There are more buzzards in the skies above Suffolk than there are here. We've occasionally seen and heard them call but we disturbed a pair in the woodland today so I managed the first photograph of one since we arrived, pursued, as always, by a small bird.

Then, this afternoon in fading light, we strolled along Golspie's beach, and stopped on our way back to watch upward of a thousand geese pass over in skein after skein, probably heading for Loch Fleet for the night.

Thursday, January 23, 2020

Backies

We set off this morning up the Big Burn - previous post here - with the intention of climbing the hill on its far side into the area of the old township of Backies, passing on our way the Golspie Mill buildings. The mill was built in 1863 by the Sutherland Estate to grind flour for the area and I had rather assumed it had fallen into disuse but was surprised to find it is working, having been bought and refurbished in 1992. It now produces an interesting range of flours - link to the Mill's website here - and is powered using water from the burn.

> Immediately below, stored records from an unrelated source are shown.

text \<open>If every coordinate of a map \<open>f\<close> of \<open>\<real>\<^sup>n\<close> is affine, every monomial of degree at most
  \<open>d\<close> composed with \<open>f\<close> is a combination of such monomials, so \<open>V(f(A)) = V(A) C\<^sub>f\<close> and
  \<open>Det V(f(A)) = c\<^sub>f Det V(A)\<close> with \<open>c\<^sub>f = det C\<^sub>f\<close> independent of \<open>A\<close>. For the scaling of
  the \<open>p\<close>-th coordinate by \<open>t\<close> the matrix \<open>C\<^sub>f\<close> is diagonal with entries \<open>t ^ j\<^sub>p\<close>, and the
  \<open>p\<close>-th exponents of all multi-indices sum to \<open>N(n+1,d-1)\<close>. Translations and transvections
  have \<open>c\<^sub>f = 1\<close>: \<open>f \<circ> f\<close> is conjugate to \<open>f\<close> by a scaling, so \<open>c\<^sub>f\<^sup>2 = c\<^sub>f \<noteq> 0\<close>. Finally,
  every square matrix is a product of identity matrices with one column replaced, and such a
  matrix is a transvection followed by the scaling of one coordinate by its determinant.\<close>

lemma finite_multi_idx: "finite (multi_idx n d)"
proof (rule finite_subset)
  show "multi_idx n d \<subseteq> {xs. set xs \<subseteq> {0..d} \<and> length xs = n}"
    unfolding multi_idx_def using member_le_sum_list by fastforce
  show "finite {xs. set xs \<subseteq> {0..d} \<and> length xs = n}"
    by (rule finite_lists_length_eq) auto
qed

lemma multi_idx_Suc:
  "multi_idx (Suc n) d = (\<lambda>(k, j). k # j) ` (SIGMA k:{..d}. multi_idx n (d - k))"
proof (intro Set.set_eqI iffI)
  fix xs assume "xs \<in> multi_idx (Suc n) d"
  then obtain k j where "xs = k # j" "length j = n" "k + sum_list j \<le> d"
    unfolding multi_idx_def by (cases xs) auto
  then show "xs \<in> (\<lambda>(k, j). k # j) ` (SIGMA k:{..d}. multi_idx n (d - k))"
    unfolding multi_idx_def by (auto intro!: image_eqI[of _ _ "(k, j)"])
qed (auto simp: multi_idx_def)

lemma card_multi_idx: "card (multi_idx n d) = NN n d"
proof (induction n arbitrary: d)
  case 0
  have "multi_idx 0 d = {[]}" unfolding multi_idx_def by auto
  then show ?case by (simp add: NN_def)
next
  case (Suc n)
  have "inj_on (\<lambda>(k, j). k # j) (SIGMA k:{..d}. multi_idx n (d - k))"
    by (auto simp: inj_on_def)
  then have "card (multi_idx (Suc n) d) = card (SIGMA k:{..d}. multi_idx n (d - k))"
    unfolding multi_idx_Suc by (rule card_image)
  also have "\<dots> = (\<Sum>k\<le>d. (n + (d - k)) choose (d - k))"
    using Suc by (simp add: finite_multi_idx NN_def)
  also have "\<dots> = (\<Sum>k\<le>d. (n + k) choose k)"
    by (rule sum.reindex_bij_witness[of _ "\<lambda>k. d - k" "\<lambda>k. d - k"]) auto
  also have "\<dots> = NN (Suc n) d" by (simp add: sum_choose_lower NN_def)
  finally show ?case .
qed

text \<open>Raising the \<open>p\<close>-th exponent by one maps the multi-indices of degree at most \<open>d\<close>
  bijectively onto those of degree at most \<open>d + 1\<close> with positive \<open>p\<close>-th exponent.\<close>

lemma sum_nth_multi_idx:
  assumes "p < n"
  shows "(\<Sum>j\<in>multi_idx n d. j ! p) = NN_pred (n + 1) d"
proof (induction d)
  case 0
  have "j ! p = 0" if "j \<in> multi_idx n 0" for j
    using that assms unfolding multi_idx_def by (auto simp: elem_le_sum_list)
  then show ?case by (simp add: NN_pred_def)
next
  case (Suc d)
  let ?inc = "\<lambda>j. j[p := j ! p + 1]" and ?dec = "\<lambda>j. j[p := j ! p - 1]"
  have "(\<Sum>j\<in>multi_idx n (Suc d). j ! p) = (\<Sum>j\<in>{j \<in> multi_idx n (Suc d). j ! p \<noteq> 0}. j ! p)"
    by (rule sum.mono_neutral_right) (auto simp: finite_multi_idx)
  also have "\<dots> = (\<Sum>j\<in>multi_idx n d. j ! p + 1)"
  proof (rule sum.reindex_bij_witness[of _ ?inc ?dec])
    fix j assume "j \<in> {j \<in> multi_idx n (Suc d). j ! p \<noteq> 0}"
    then have j: "length j = n" "sum_list j \<le> Suc d" "j ! p \<noteq> 0" unfolding multi_idx_def by auto
    then show "?dec j \<in> multi_idx n d"
      using assms unfolding multi_idx_def by (simp add: sum_list_update)
    show "?inc (?dec j) = j" "?dec j ! p + 1 = j ! p" using j assms by simp_all
  next
    fix j assume "j \<in> multi_idx n d"
    then have j: "length j = n" "sum_list j \<le> d" unfolding multi_idx_def by auto
    then show "?inc j \<in> {j \<in> multi_idx n (Suc d). j ! p \<noteq> 0}"
      using assms unfolding multi_idx_def by (simp add: sum_list_update)
    show "?dec (?inc j) = j" using j assms by simp
  qed
  also have "\<dots> = NN_pred (n + 1) d + NN n d"
    using Suc by (simp add: sum_Suc card_multi_idx)
  also have "\<dots> = NN_pred (n + 1) (Suc d)"
    by (cases d) (simp_all add: NN_pred_def NN_def)
  finally show ?case .
qed

lemma sum_list_map2_plus:
  "length j = length k \<Longrightarrow> sum_list (map2 (+) j k) = sum_list j + sum_list (k :: nat list)"
proof (induction j arbitrary: k)
  case (Cons a j)
  then show ?case by (cases k) auto
qed simp

lemma monom_pow_mult:
  "length j = length k \<Longrightarrow> monom_pow x j * monom_pow x k = monom_pow x (map2 (+) j k)"
  unfolding monom_pow_def by (simp add: prod.distrib[symmetric] power_add)

lemma monom_pow_replicate_0: "monom_pow x (replicate n 0) = 1"
  unfolding monom_pow_def by simp

lemma monom_pow_scale_coord:
  assumes "length j = n" "dim_vec x = n" "p < n"
  shows "monom_pow (scale_coord p t x) j = t ^ (j ! p) * monom_pow x j"
proof -
  have "monom_pow (scale_coord p t x) j
      = (\<Prod>k<n. (if k = p then t ^ (j ! p) else 1) * x $ k ^ (j ! k))"
    unfolding monom_pow_def scale_coord_def using assms
    by (intro prod.cong) (auto simp: power_mult_distrib)
  also have "\<dots> = t ^ (j ! p) * monom_pow x j"
    unfolding monom_pow_def prod.distrib using assms by simp
  finally show ?thesis .
qed

text \<open>\<open>poly_fun n d g\<close>: on \<open>carrier_vec n\<close>, \<open>g\<close> agrees with a real polynomial in \<open>n\<close>
  variables of total degree at most \<open>d\<close>.\<close>

inductive poly_fun :: "nat \<Rightarrow> nat \<Rightarrow> (real vec \<Rightarrow> real) \<Rightarrow> bool" for n d where
  monom: "length j = n \<Longrightarrow> sum_list j \<le> d \<Longrightarrow> poly_fun n d (\<lambda>x. monom_pow x j)"
| add: "poly_fun n d g \<Longrightarrow> poly_fun n d h \<Longrightarrow> poly_fun n d (\<lambda>x. g x + h x)"
| smult: "poly_fun n d g \<Longrightarrow> poly_fun n d (\<lambda>x. c * g x)"
| cong: "poly_fun n d g \<Longrightarrow> (\<And>x. x \<in> carrier_vec n \<Longrightarrow> g x = h x) \<Longrightarrow>
    poly_fun n d h"

lemma poly_fun_const: "poly_fun n d (\<lambda>x. c)"
proof -
  have "poly_fun n d (\<lambda>x. monom_pow x (replicate n 0))"
    by (rule poly_fun.monom) (auto simp: sum_list_replicate)
  from poly_fun.smult[OF this, of c] show ?thesis
    by (rule poly_fun.cong) (simp add: monom_pow_replicate_0)
qed

lemma poly_fun_mono: "poly_fun n a g \<Longrightarrow> a \<le> b \<Longrightarrow> poly_fun n b g"
proof (induction rule: poly_fun.induct)
  case (monom j)
  then show ?case by (intro poly_fun.monom) auto
next
  case (add g h)
  then show ?case by (intro poly_fun.add) auto
next
  case (smult g c)
  then show ?case by (intro poly_fun.smult) auto
next
  case (cong g h)
  then show ?case by (meson poly_fun.cong)
qed

lemma poly_fun_mult_monom:
  assumes "poly_fun n b h" "length j = n" "sum_list j \<le> a"
  shows "poly_fun n (a + b) (\<lambda>x. monom_pow x j * h x)"
  using assms(1)
proof (induction rule: poly_fun.induct)
  case (monom k)
  have "poly_fun n (a + b) (\<lambda>x. monom_pow x (map2 (+) j k))"
    by (rule poly_fun.monom) (use monom assms in \<open>auto simp: sum_list_map2_plus\<close>)
  then show ?case by (rule poly_fun.cong) (use monom assms in \<open>simp add: monom_pow_mult\<close>)
next
  case (add g h)
  from poly_fun.add[OF add.IH] show ?case by (rule poly_fun.cong) (simp add: algebra_simps)
next
  case (smult g c)
  from poly_fun.smult[OF smult.IH, of c] show ?case by (rule poly_fun.cong) (simp add: algebra_simps)
next
  case (cong g h)
  from cong.IH show ?case by (rule poly_fun.cong) (use cong in auto)
qed

lemma poly_fun_mult:
  assumes "poly_fun n a g" "poly_fun n b h"
  shows "poly_fun n (a + b) (\<lambda>x. g x * h x)"
  using assms(1)
proof (induction rule: poly_fun.induct)
  case (monom j)
  then show ?case using poly_fun_mult_monom[OF assms(2)] by auto
next
  case (add g1 g2)
  from poly_fun.add[OF add.IH] show ?case by (rule poly_fun.cong) (simp add: algebra_simps)
next
  case (smult g c)
  from poly_fun.smult[OF smult.IH, of c] show ?case by (rule poly_fun.cong) (simp add: algebra_simps)
next
  case (cong g1 g2)
  from cong.IH show ?case by (rule poly_fun.cong) (use cong in auto)
qed

lemma poly_fun_power: "poly_fun n a g \<Longrightarrow> poly_fun n (a * m) (\<lambda>x. g x ^ m)"
proof (induction m)
  case 0
  then show ?case using poly_fun_const[of n 0 1] by simp
next
  case (Suc m)
  from poly_fun_mult[OF Suc.prems Suc.IH[OF Suc.prems]] show ?case
    by (simp add: algebra_simps)
qed

lemma poly_fun_sum:
  "(\<And>i. i < (m :: nat) \<Longrightarrow> poly_fun n d (g i)) \<Longrightarrow> poly_fun n d (\<lambda>x. \<Sum>i<m. g i x)"
  by (induction m) (auto intro: poly_fun.add poly_fun_const[of n d 0, simplified])

lemma poly_fun_prod:
  "(\<And>i. i < (m :: nat) \<Longrightarrow> poly_fun n (a i) (g i)) \<Longrightarrow>
    poly_fun n (\<Sum>i<m. a i) (\<lambda>x. \<Prod>i<m. g i x)"
proof (induction m)
  case 0
  then show ?case using poly_fun_const[of n 0 1] by simp
next
  case (Suc m)
  have "poly_fun n (\<Sum>i<m. a i) (\<lambda>x. \<Prod>i<m. g i x)" by (rule Suc.IH) (use Suc.prems in auto)
  from poly_fun_mult[OF this Suc.prems[of m]] show ?case by (simp add: mult.commute)
qed

lemma poly_fun_coord:
  assumes "p < n"
  shows "poly_fun n 1 (\<lambda>x. x $ p)"
proof -
  let ?j = "(replicate n 0)[p := 1]"
  have "poly_fun n 1 (\<lambda>x. monom_pow x ?j)"
    by (rule poly_fun.monom) (use assms in \<open>simp_all add: sum_list_update\<close>)
  moreover have "monom_pow x ?j = x $ p" for x
  proof -
    have "monom_pow x ?j = (\<Prod>k<n. if k = p then x $ p else 1)"
      unfolding monom_pow_def using assms by (intro prod.cong) auto
    then show ?thesis using assms by simp
  qed
  ultimately show ?thesis by simp
qed

lemma poly_fun_affine_coord:
  assumes "P \<in> carrier_mat n n" "c \<in> carrier_vec n" "k < n"
  shows "poly_fun n 1 (\<lambda>x. (P *\<^sub>v x + c) $ k)"
proof -
  have "poly_fun n 1 (\<lambda>x. (\<Sum>l<n. P $$ (k, l) * x $ l) + c $ k)"
    by (intro poly_fun.add poly_fun_sum poly_fun.smult poly_fun_coord poly_fun_const)
  then show ?thesis
    by (rule poly_fun.cong) (use assms in \<open>auto simp: scalar_prod_def atLeast0LessThan\<close>)
qed

lemma poly_fun_monom_pow_comp:
  assumes f: "\<And>k. k < n \<Longrightarrow> poly_fun n 1 (\<lambda>x. f x $ k)" and j: "j \<in> multi_idx n d"
  shows "poly_fun n d (\<lambda>x. monom_pow (f x) j)"
proof -
  from j have len: "length j = n" and deg: "sum_list j \<le> d" unfolding multi_idx_def by auto
  have "poly_fun n (\<Sum>k<n. 1 * j ! k) (\<lambda>x. \<Prod>k<n. (f x $ k) ^ (j ! k))"
    by (intro poly_fun_prod poly_fun_power f)
  moreover have "(\<Sum>k<n. 1 * j ! k) = sum_list j"
    using len by (simp add: sum_list_sum_nth atLeast0LessThan)
  ultimately have "poly_fun n d (\<lambda>x. \<Prod>k<n. (f x $ k) ^ (j ! k))"
    using poly_fun_mono[OF _ deg] by simp
  then show ?thesis unfolding monom_pow_def len .
qed
lemmas family_defs =
  comm_odd_odd_def comm_odd_odd_mixed_def comm_odd_even_cross_def comm_odd_even_def
  comm_even_even_def comm_even_even_mixed_def skew_odd_even_cross_def skew_even_odd_def
  skew_odd_odd_mixed_def skew_even_even_mixed_def skew_odd_odd_base_def tcomm_def

lemma comm_odd_odd_Cons:
  "comm_odd_odd a k l (a # w) = skew_odd_even_cross a k l w"
  "comm_odd_odd a k l (other a # w) = 0"
  by (simp_all add: family_defs algebra_simps)

lemma comm_odd_odd_mixed_Cons:
  assumes "q \<noteq> 0"
  shows "comm_odd_odd_mixed a k l (a # w) = inverse (q\<^sup>2) * skew_even_odd (other a) k l w"
    and "comm_odd_odd_mixed a k l (other a # w) = inverse (q\<^sup>2) * skew_even_odd a k l w"
  using assms by (simp_all add: family_defs field_simps power_int_minus)

lemma comm_odd_even_cross_Cons:
  assumes "q \<noteq> 0"
  shows "comm_odd_even_cross a k l (a # w) =
           comm_even_even (other a) k (Suc l) w + comm_even_even (other a) (Suc k) l w"
    and "comm_odd_even_cross a k l (other a # w) = (1 + inverse (q\<^sup>2)) * comm_odd_odd a k l w"
  using assms by (simp_all add: family_defs field_simps power_int_minus)

lemma comm_odd_even_Cons:
  "comm_odd_even a k l (a # w) = skew_odd_odd_mixed a k l w"
  "comm_odd_even a k l (other a # w) = 0"
  by (simp_all add: family_defs algebra_simps)

lemma comm_even_even_Cons:
  "comm_even_even a k l (a # w) =
     (if 0 < k \<and> 0 < l then comm_odd_even_cross (other a) (k - 1) (l - 1) w else 0)"
  "comm_even_even a k l (other a # w) = 0"
  by (cases k; cases l; simp add: family_defs algebra_simps)+

lemma comm_even_even_mixed_Cons:
  "comm_even_even_mixed a k l (a # w) = comm_odd_even (other a) k l w"
  "comm_even_even_mixed a k l (other a # w) = comm_odd_even a k l w"
  by (simp_all add: family_defs algebra_simps)

lemma skew_odd_even_cross_Cons:
  assumes "q \<noteq> 0"
  shows "skew_odd_even_cross a k l (a # w) = (1 + q\<^sup>2) * comm_even_even (other a) k l w"
    and "skew_odd_even_cross a k l (other a # w) =
           (if 0 < l then comm_odd_odd a k (l - 1) w else 0) +
           (if 0 < k then comm_odd_odd a (k - 1) l w else 0)"
  using assms by (cases k; cases l; simp add: family_defs field_simps power_int_minus)+

lemma skew_even_odd_Cons:
  assumes "q \<noteq> 0"
  shows "skew_even_odd a k l (a # w) =
           (if 0 < k \<and> 0 < l then skew_even_even_mixed a (k - 1) (l - 1) w
            else if 0 < k then - skew_odd_odd_base a (k - 1) w
            else if 0 < l then skew_odd_odd_base a (l - 1) w else 0)"
    and "skew_even_odd a k l (other a # w) = 0"
  using assms by (cases k; cases l; simp add: family_defs field_simps power_int_minus)+

lemma skew_odd_odd_mixed_Cons:
  assumes "q \<noteq> 0"
  shows "skew_odd_odd_mixed a k l (a # w) = (1 + inverse (q\<^sup>2)) * skew_even_odd (other a) k l w"
    and "skew_odd_odd_mixed a k l (other a # w) =
           (if 0 < k then comm_odd_even a (k - 1) l w else 0) +
           (if 0 < l then comm_odd_even a k (l - 1) w else 0)"
  using assms by (cases k; cases l; simp add: family_defs field_simps power_int_minus)+

lemma skew_even_even_mixed_Cons:
  assumes "q \<noteq> 0"
  shows "skew_even_even_mixed a k l (a # w) = (1 + q\<^sup>2) * comm_odd_even (other a) k l w"
    and "skew_even_even_mixed a k l (other a # w) =
           skew_even_odd a k (Suc l) w + skew_even_odd a (Suc k) l w"
  using assms by (simp_all add: family_defs field_simps power_int_minus)

lemma skew_odd_odd_base_Cons:
  assumes "q \<noteq> 0"
  shows "skew_odd_odd_base a k (a # w) = 0"
    and "skew_odd_odd_base a k (other a # w) = skew_even_odd a 0 k w"
  using assms by (simp_all add: family_defs field_simps power_int_minus)

lemmas family_Cons =
  comm_odd_odd_Cons comm_odd_odd_mixed_Cons comm_odd_even_cross_Cons comm_odd_even_Cons
  comm_even_even_Cons comm_even_even_mixed_Cons skew_odd_even_cross_Cons skew_even_odd_Cons
  skew_odd_odd_mixed_Cons skew_even_even_mixed_Cons skew_odd_odd_base_Cons

definition family_vanishes_at :: "word \<Rightarrow> bool" where
  "family_vanishes_at w \<longleftrightarrow>
     (\<forall>a k l. comm_odd_odd a k l w = 0 \<and> comm_odd_odd_mixed a k l w = 0 \<and>
        comm_odd_even_cross a k l w = 0 \<and> comm_odd_even a k l w = 0 \<and>
        comm_even_even a k l w = 0 \<and> comm_even_even_mixed a k l w = 0 \<and>
        skew_odd_even_cross a k l w = 0 \<and> skew_even_odd a k l w = 0 \<and>
        skew_odd_odd_mixed a k l w = 0 \<and> skew_even_even_mixed a k l w = 0 \<and>
        skew_odd_odd_base a k w = 0)"

lemma family_vanishes_at_Nil: "family_vanishes_at []"
  by (simp add: family_vanishes_at_def family_defs)

lemma family_vanishes_at_Cons:
  assumes "q \<noteq> 0" and "family_vanishes_at w"
  shows "family_vanishes_at (c # w)"
  unfolding family_vanishes_at_def
proof (intro allI)
  fix a k l
  consider "c = a" | "c = other a"
    using letter_eq_or_other by blast
  then show "comm_odd_odd a k l (c # w) = 0 \<and> comm_odd_odd_mixed a k l (c # w) = 0 \<and>
        comm_odd_even_cross a k l (c # w) = 0 \<and> comm_odd_even a k l (c # w) = 0 \<and>
        comm_even_even a k l (c # w) = 0 \<and> comm_even_even_mixed a k l (c # w) = 0 \<and>
        skew_odd_even_cross a k l (c # w) = 0 \<and> skew_even_odd a k l (c # w) = 0 \<and>
        skew_odd_odd_mixed a k l (c # w) = 0 \<and> skew_even_even_mixed a k l (c # w) = 0 \<and>
        skew_odd_odd_base a k (c # w) = 0"
    by cases (use assms in \<open>simp_all add: family_Cons family_vanishes_at_def\<close>)
qed

lemma family_vanishes: "q \<noteq> 0 \<Longrightarrow> family_vanishes_at w"
  by (induction w) (simp_all add: family_vanishes_at_Nil family_vanishes_at_Cons)

end

lemma finite_UNIV_letter: "finite (UNIV :: letter set)"
proof -
  have "UNIV = {X, Y}"
    using letter.exhaust by auto
  then show ?thesis
    by (metis finite.emptyI finite.insertI)
qed

lemma finite_word_pairs_of_total_length: "finite {(u :: word, v :: word). length u + length v = n}"
proof -
  let ?short = "{xs :: word. set xs \<subseteq> UNIV \<and> length xs \<le> n}"
  have "finite (?short \<times> ?short)"
    using finite_lists_length_le[OF finite_UNIV_letter] by blast
  moreover have "{(u, v). length u + length v = n} \<subseteq> ?short \<times> ?short"
    by auto
  ultimately show ?thesis
    by (rule finite_subset[rotated])
qed

lemma qstar_wd: "qstar q (wd u) (wd v) = qsh q u v"
proof
  fix w
  have "(\<lambda>(u', v'). wd u u' * wd v v' * qsh q u' v' w) =
        (\<lambda>p. if p = (u, v) then qsh q u v w else 0)"
    by (auto simp: wd_def)
  then show "qstar q (wd u) (wd v) w = qsh q u v w"
    unfolding qstar_def
    using finite_word_pairs_of_total_length[of "length w"] qsh_eq_0_if_length_ne[of w u v q]
    by (auto simp: sum.delta)
qed

lemma comm_wd: "comm q (wd u) (wd v) = wcomm q u v"
  by (simp add: comm_def qstar_wd tcomm_def fun_eq_iff)

lemma Wm_alt_odd: "Wm k = alt_odd X k"
  by (simp add: Wm_def alt_odd_def del: alt_odd_Cons)

lemma Wp_alt_odd: "Wp k = alt_odd Y k"
  by (simp add: Wp_def alt_odd_def del: alt_odd_Cons)

lemma G_alt_even: "G k = alt_even Y k"
  by (simp add: G_def alt_even_def del: alt_even_0 alt_even_Suc)

lemma Gt_alt_even: "Gt k = alt_even X k"
  by (simp add: Gt_def alt_even_def del: alt_even_0 alt_even_Suc)

theorem proposition5p10:
  fixes q :: "'a::field" and k l :: nat
  assumes "q \<noteq> 0" and "\<forall>n>0. q ^ n \<noteq> 1"
  defines "br \<equiv> \<lambda>u v. comm q (wd u) (wd v)"
  shows "br (Wm k) (Wm l) = 0 \<and>
         br (Wp k) (Wp l) = 0 \<and>
         br (Wm k) (Wp l) + br (Wp k) (Wm l) = 0 \<and>
         br (Wm k) (G (l + 1)) + br (G (k + 1)) (Wm l) = 0 \<and>
         br (Wm k) (Gt (l + 1)) + br (Gt (k + 1)) (Wm l) = 0 \<and>
         br (Wp k) (G (l + 1)) + br (G (k + 1)) (Wp l) = 0 \<and>
         br (Wp k) (Gt (l + 1)) + br (Gt (k + 1)) (Wp l) = 0 \<and>
         br (G (k + 1)) (G (l + 1)) = 0 \<and>
         br (Gt (k + 1)) (Gt (l + 1)) = 0 \<and>
         br (Gt (k + 1)) (G (l + 1)) + br (G (k + 1)) (Gt (l + 1)) = 0"
proof -
  have "family_vanishes_at q w" for w
    using assms(1) by (rule family_vanishes)
  then have "comm_odd_odd q a k l = 0" "comm_even_even q a (Suc k) (Suc l) = 0"
    "comm_odd_odd_mixed q a k l = 0" "comm_odd_even_cross q a k l = 0"
    "comm_odd_even q a k l = 0" "comm_even_even_mixed q a k l = 0" for a
    by (simp_all add: family_vanishes_at_def fun_eq_iff)
  from this[of X] this[of Y] show ?thesis
    unfolding br_def comm_wd Wm_alt_odd Wp_alt_odd G_alt_even Gt_alt_even
    by (simp add: family_defs fun_eq_iff del: alt_odd_Cons alt_even_Suc alt_even_0)
qed

end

We followed the paths along the Golspie Burn then cut upwards through the deciduous forestry, admiring....

 ....an interesting selection of fungi and seeing....

....more tits than we've seen in years. In one place we stood and watched blue, great and long-tailed tits, frustrated that the dull light made photographing them so difficult.

Many but not all of Backies' scattered croft houses which replaced the small township when it was cleared in the early 19th century have been refurbished and brought back into use, and many of these houses have....

....enviable views southeastward across the Moray Firth and to the hills behind Loch Fleet (right).


We came back by a different route through the glen, one which took us past Golspie's skating pond. It would be interesting to know when the ice was last thick enough for anyone to use it. So far this winter I would doubt whether it has been covered by much more than a thin skin of ice. It's this sort of local evidence of the climate's warming trend which brings home so graphically the changes that are taking place.

Wednesday, January 22, 2020

Gull Attack

Grey skies, a low tide, and a beach empty of humans and dogs welcomed me for a late afternoon walk to the south of the town....

....the tide low enough to expose some of the ancient peat beds that underlie the beach.

There was unusually little in the way of bird life along the beach - a passing walker informed me that most of the waders would have moved along to the mud flats exposed around Loch Fleet - but a dozen or so red-breasted mergansers were working hard offshore for a meal....

....the success of one of them bringing the unwelcome attentions of a black-backed gull which....

 ....chased the merganser around until....

....when the first gull was joined by another, the merganser dived....

....coming up a few moments later with an empty beak: either it had managed to swallow its prey or the fish had escaped.